Song by Fleetwood Mac

from the album Penguin
- Released: March 1973
- Recorded: January 1973
- Studio: Rolling Stones Mobile Studio, Benifold, Hampshire AIR Studios, London
- Length: 6:17
- Label: Reprise
- Songwriter(s): Bob Welch
- Producer(s): Fleetwood Mac Martin Birch

= Night Watch (song) =

"Night Watch" is a Fleetwood Mac song written and sung by Bob Welch.

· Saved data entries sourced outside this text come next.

(* Let $A>0$, $B>0$ and $0<v_{\mathrm{nozzle}}<1$. There exist $w>0$, $t_{\mathrm{end}}>0$ and $v\in C^1([0,t_{\mathrm{end}}])$ solving $$v'(t)=-v(t)^2\Big(\sqrt{A^2t^2+w}+v(t)\Big),\quad v(0)=1,\quad v(t_{\mathrm{end}})=v_{\mathrm{nozzle}},\quad \int_0^{t_{\mathrm{end}}}\frac{At\,v(t)}{\sqrt{A^2t^2+w}}\,dt=B$$ (equivalently, a curved-jet solution of the dimensionless model: $v(s),\Theta(s)$ on $[0,s_{\mathrm{end}}]$ with $(v+v'/v)'=-A\sin\Theta/v$, $\Theta'=-A\cos\Theta/(v(v+v'/v))$, $v(0)=1$, $v(s_{\mathrm{end}})=v_{\mathrm{nozzle}}$, $\Theta(0)=0$, $\int_0^{s_{\mathrm{end}}}\sin\Theta\,ds=B$, with $v+v'/v<0$, obtained via $ds=v\,dt$, $\sin\Theta=At/\sqrt{A^2t^2+w}$) if and only if $$I(0;A,v_{\mathrm{nozzle}})>B.$$ If such a solution exists, it is unique.
   Context: For $A>0$ and $w\ge0$, $v(\cdot;w):[0,\infty)\to(0,1]$ denotes the unique solution of $v'=-v^2(\sqrt{A^2t^2+w}+v)$, $v(0)=1$; it is strictly decreasing in $t$ and tends to $0$ as $t\to\infty$. For $0<v_{\mathrm{nozzle}}<1$, $t_{\mathrm{end}}(w)>0$ is the unique time with $v(t_{\mathrm{end}}(w);w)=v_{\mathrm{nozzle}}$, and $$I(w)=I(w;A,v_{\mathrm{nozzle}})=\int_0^{t_{\mathrm{end}}(w)}\frac{At\,v(t;w)}{\sqrt{A^2t^2+w}}\,dt.$$ In particular $I(0;A,v_{\mathrm{nozzle}})=\int_0^{t_{\mathrm{end}}(0)}v(t;0)\,dt$. Here $A=g\mu/v_{\mathrm{belt}}^3$, $B=v_{\mathrm{belt}}L/\mu$, and $v_{\mathrm{nozzle}}$ is the ratio of nozzle velocity to belt velocity. *)

theory Defs
  imports "HOL-Analysis.Analysis"
begin

definition jet_rhs :: "real \<Rightarrow> real \<Rightarrow> real \<Rightarrow> real \<Rightarrow> real" where
  "jet_rhs A w t x = - (x^2) * (sqrt (A^2 * t^2 + w) + x)"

It is the penultimate track on the band's seventh studio album Penguin, which was released in 1973. The song includes uncredited guitar playing from Peter Green, a founding member of Fleetwood Mac who departed from the band in 1970. Since its release on Penguin, Fleetwood Mac played the song live up until the departure of Welch.

==Background==
Welch wrote "Night Watch" about the witnessing of paranormal activities, particularly the sighting of UFO landings, which are referenced in the song as "magic shadows". Peter Green, who was one of the founding members of Fleetwood Mac, visited the band in the recording studio during the making of Penguin and recorded a guitar part on "Night Watch", which was uncredited in the album liner notes. In his first memoir, Mick Fleetwood mentioned that Green was successfully convinced to overdub some "far-echo guitar" on the track. He recorded his parts at AIR Studios in London while the band was conducting overdubs. Bob Weston recalled that Green would occasionally visit the band in the recording studio, which would invariably lead to a jam session with the band. Welch said that Green recorded his part in an echo chamber situated in the basement, where he "just did what he wanted". Prior to the overdubbing session, Green spent most of his visit "just sitting in the corner, not saying anything." After he completed his part, Green left the recording studio without conversing with the rest of Fleetwood Mac.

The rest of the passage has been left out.